* Record excerpts
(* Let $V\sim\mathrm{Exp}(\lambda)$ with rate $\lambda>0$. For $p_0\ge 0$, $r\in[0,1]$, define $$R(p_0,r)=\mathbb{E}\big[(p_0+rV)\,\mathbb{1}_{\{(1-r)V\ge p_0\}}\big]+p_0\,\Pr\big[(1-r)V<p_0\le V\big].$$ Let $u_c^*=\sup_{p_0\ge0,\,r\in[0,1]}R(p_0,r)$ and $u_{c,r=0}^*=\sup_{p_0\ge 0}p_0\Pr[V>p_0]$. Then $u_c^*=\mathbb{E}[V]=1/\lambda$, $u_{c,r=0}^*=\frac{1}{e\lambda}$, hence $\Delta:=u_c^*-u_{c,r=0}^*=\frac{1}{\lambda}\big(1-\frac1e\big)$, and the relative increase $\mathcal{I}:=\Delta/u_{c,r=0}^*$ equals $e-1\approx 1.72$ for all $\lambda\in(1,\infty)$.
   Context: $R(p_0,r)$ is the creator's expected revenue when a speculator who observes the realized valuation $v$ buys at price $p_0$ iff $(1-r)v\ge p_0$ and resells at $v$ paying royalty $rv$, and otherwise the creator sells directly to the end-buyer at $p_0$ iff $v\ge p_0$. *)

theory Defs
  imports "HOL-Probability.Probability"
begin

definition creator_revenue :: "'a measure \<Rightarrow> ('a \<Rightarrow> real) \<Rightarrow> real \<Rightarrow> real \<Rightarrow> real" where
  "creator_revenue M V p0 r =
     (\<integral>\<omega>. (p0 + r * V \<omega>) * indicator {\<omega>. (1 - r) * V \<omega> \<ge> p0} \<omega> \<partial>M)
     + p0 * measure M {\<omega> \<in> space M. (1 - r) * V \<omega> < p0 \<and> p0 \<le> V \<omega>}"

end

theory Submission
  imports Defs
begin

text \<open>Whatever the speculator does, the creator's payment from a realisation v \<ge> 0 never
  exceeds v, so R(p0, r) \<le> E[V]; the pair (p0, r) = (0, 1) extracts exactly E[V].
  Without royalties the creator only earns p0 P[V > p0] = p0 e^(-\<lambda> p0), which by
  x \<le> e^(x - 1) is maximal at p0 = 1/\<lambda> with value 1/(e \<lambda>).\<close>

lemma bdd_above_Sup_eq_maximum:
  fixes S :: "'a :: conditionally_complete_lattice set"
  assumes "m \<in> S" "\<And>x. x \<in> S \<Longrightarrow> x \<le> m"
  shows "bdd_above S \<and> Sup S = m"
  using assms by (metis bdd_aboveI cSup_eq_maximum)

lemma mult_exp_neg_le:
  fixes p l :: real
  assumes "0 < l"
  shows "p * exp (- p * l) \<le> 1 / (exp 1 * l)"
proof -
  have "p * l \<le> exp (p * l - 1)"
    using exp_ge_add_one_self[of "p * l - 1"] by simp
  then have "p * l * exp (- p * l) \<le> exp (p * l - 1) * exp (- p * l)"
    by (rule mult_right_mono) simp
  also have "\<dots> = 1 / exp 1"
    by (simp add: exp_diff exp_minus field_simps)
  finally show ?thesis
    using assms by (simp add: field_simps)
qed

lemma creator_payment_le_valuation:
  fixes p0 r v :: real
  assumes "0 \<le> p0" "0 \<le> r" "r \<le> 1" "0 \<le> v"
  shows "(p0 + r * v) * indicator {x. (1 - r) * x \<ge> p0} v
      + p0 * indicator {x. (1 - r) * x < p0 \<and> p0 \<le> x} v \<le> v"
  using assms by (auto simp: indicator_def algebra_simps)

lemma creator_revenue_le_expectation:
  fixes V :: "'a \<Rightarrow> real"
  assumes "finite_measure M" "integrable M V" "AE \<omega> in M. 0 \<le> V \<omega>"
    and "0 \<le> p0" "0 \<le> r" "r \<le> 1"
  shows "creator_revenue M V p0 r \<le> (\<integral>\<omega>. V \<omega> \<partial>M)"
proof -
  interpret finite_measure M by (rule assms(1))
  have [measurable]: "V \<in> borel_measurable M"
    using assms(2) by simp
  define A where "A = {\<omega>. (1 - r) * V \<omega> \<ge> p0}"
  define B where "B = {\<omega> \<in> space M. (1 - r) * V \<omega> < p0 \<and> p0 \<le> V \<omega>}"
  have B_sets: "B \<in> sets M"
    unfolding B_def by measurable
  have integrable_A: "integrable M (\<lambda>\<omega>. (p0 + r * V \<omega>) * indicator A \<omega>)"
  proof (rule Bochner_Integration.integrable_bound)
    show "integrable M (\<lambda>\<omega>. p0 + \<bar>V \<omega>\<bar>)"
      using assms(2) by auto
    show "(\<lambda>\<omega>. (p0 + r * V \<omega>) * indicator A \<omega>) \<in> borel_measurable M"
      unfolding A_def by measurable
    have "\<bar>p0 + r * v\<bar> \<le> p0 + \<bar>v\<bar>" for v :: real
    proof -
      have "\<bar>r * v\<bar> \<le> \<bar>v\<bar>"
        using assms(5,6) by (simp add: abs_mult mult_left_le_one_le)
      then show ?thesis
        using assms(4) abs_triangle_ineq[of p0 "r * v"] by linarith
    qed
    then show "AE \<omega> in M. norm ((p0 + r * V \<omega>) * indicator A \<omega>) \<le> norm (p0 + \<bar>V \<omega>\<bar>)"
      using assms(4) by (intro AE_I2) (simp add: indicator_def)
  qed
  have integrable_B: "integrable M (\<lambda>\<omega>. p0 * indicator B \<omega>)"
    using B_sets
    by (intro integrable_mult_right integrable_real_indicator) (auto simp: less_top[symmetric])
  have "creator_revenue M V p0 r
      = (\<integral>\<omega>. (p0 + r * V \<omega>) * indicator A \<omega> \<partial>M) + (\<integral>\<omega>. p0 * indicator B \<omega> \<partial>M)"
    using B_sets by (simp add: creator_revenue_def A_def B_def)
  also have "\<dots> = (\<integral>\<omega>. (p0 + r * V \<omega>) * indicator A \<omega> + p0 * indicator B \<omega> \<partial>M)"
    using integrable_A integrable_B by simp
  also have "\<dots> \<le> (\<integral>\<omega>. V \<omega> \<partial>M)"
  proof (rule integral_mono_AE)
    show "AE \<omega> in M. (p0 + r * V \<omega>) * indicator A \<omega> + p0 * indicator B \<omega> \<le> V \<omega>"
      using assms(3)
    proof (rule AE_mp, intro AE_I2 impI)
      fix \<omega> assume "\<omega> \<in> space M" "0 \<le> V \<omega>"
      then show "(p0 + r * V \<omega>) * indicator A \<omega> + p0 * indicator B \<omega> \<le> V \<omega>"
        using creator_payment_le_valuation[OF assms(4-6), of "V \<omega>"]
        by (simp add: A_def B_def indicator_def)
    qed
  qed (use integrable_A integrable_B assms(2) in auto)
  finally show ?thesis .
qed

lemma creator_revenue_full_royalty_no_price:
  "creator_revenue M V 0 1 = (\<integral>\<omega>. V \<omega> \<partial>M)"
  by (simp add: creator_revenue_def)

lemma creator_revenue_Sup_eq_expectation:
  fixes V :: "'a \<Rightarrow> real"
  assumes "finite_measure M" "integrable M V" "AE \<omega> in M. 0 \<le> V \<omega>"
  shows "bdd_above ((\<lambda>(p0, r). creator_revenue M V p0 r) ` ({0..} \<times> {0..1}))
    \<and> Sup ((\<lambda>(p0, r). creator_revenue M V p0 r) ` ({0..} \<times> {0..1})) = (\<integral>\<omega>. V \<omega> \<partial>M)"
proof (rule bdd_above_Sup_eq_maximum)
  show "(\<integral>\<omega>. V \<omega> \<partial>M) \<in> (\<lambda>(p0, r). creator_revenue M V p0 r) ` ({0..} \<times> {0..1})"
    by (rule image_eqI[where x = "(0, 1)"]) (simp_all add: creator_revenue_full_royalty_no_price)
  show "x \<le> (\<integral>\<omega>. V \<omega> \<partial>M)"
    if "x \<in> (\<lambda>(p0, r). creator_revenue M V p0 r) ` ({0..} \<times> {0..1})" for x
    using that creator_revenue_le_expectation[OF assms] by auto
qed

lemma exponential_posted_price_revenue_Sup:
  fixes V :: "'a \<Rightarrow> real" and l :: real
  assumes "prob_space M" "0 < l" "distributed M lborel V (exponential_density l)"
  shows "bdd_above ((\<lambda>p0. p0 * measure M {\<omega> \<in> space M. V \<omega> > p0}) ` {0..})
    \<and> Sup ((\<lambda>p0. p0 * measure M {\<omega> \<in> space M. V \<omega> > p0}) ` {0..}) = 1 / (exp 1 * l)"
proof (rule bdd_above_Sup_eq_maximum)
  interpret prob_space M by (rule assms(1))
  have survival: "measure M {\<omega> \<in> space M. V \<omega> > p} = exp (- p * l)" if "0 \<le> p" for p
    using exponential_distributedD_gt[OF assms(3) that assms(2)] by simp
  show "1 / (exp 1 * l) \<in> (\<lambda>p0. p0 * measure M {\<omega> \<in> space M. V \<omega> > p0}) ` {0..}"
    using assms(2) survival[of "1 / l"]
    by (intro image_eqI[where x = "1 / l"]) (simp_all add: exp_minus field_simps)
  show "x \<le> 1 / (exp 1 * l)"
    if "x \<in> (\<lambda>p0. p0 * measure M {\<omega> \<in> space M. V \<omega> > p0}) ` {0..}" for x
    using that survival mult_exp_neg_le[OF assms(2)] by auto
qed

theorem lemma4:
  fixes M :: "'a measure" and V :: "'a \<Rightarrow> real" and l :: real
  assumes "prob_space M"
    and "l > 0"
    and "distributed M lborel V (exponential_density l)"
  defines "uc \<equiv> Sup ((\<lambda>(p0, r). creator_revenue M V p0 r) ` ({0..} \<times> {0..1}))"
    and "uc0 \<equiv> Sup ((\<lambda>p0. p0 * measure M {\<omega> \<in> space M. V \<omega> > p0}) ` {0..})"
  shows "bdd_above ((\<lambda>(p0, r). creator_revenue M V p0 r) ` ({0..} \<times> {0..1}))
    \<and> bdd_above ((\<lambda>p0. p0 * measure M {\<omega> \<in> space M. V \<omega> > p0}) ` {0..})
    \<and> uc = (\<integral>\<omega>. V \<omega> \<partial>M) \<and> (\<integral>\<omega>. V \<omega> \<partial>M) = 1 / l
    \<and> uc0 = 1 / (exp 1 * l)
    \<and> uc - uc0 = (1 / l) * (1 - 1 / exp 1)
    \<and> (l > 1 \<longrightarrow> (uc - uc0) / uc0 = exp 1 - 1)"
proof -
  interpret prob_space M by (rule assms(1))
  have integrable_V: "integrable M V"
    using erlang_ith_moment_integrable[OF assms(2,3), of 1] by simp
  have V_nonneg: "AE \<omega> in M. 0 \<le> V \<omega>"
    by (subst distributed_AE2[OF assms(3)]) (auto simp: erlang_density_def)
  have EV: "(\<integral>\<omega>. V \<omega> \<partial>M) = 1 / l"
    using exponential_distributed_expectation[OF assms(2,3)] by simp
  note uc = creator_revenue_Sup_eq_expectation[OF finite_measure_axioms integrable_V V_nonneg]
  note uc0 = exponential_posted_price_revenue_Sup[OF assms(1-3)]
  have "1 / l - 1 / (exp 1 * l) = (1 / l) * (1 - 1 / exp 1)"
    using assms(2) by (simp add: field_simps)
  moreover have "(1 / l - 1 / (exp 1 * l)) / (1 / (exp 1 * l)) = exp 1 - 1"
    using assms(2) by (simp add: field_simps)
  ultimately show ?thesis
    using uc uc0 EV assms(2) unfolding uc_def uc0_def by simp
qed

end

* Exercise
The word is "also". Copy every line above where it appears.

* Output of the task
  also have "\<dots> = 1 / exp 1"
  also have "\<dots> = (\<integral>\<omega>. (p0 + r * V \<omega>) * indicator A \<omega> + p0 * indicator B \<omega> \<partial>M)"
  also have "\<dots> \<le> (\<integral>\<omega>. V \<omega> \<partial>M)"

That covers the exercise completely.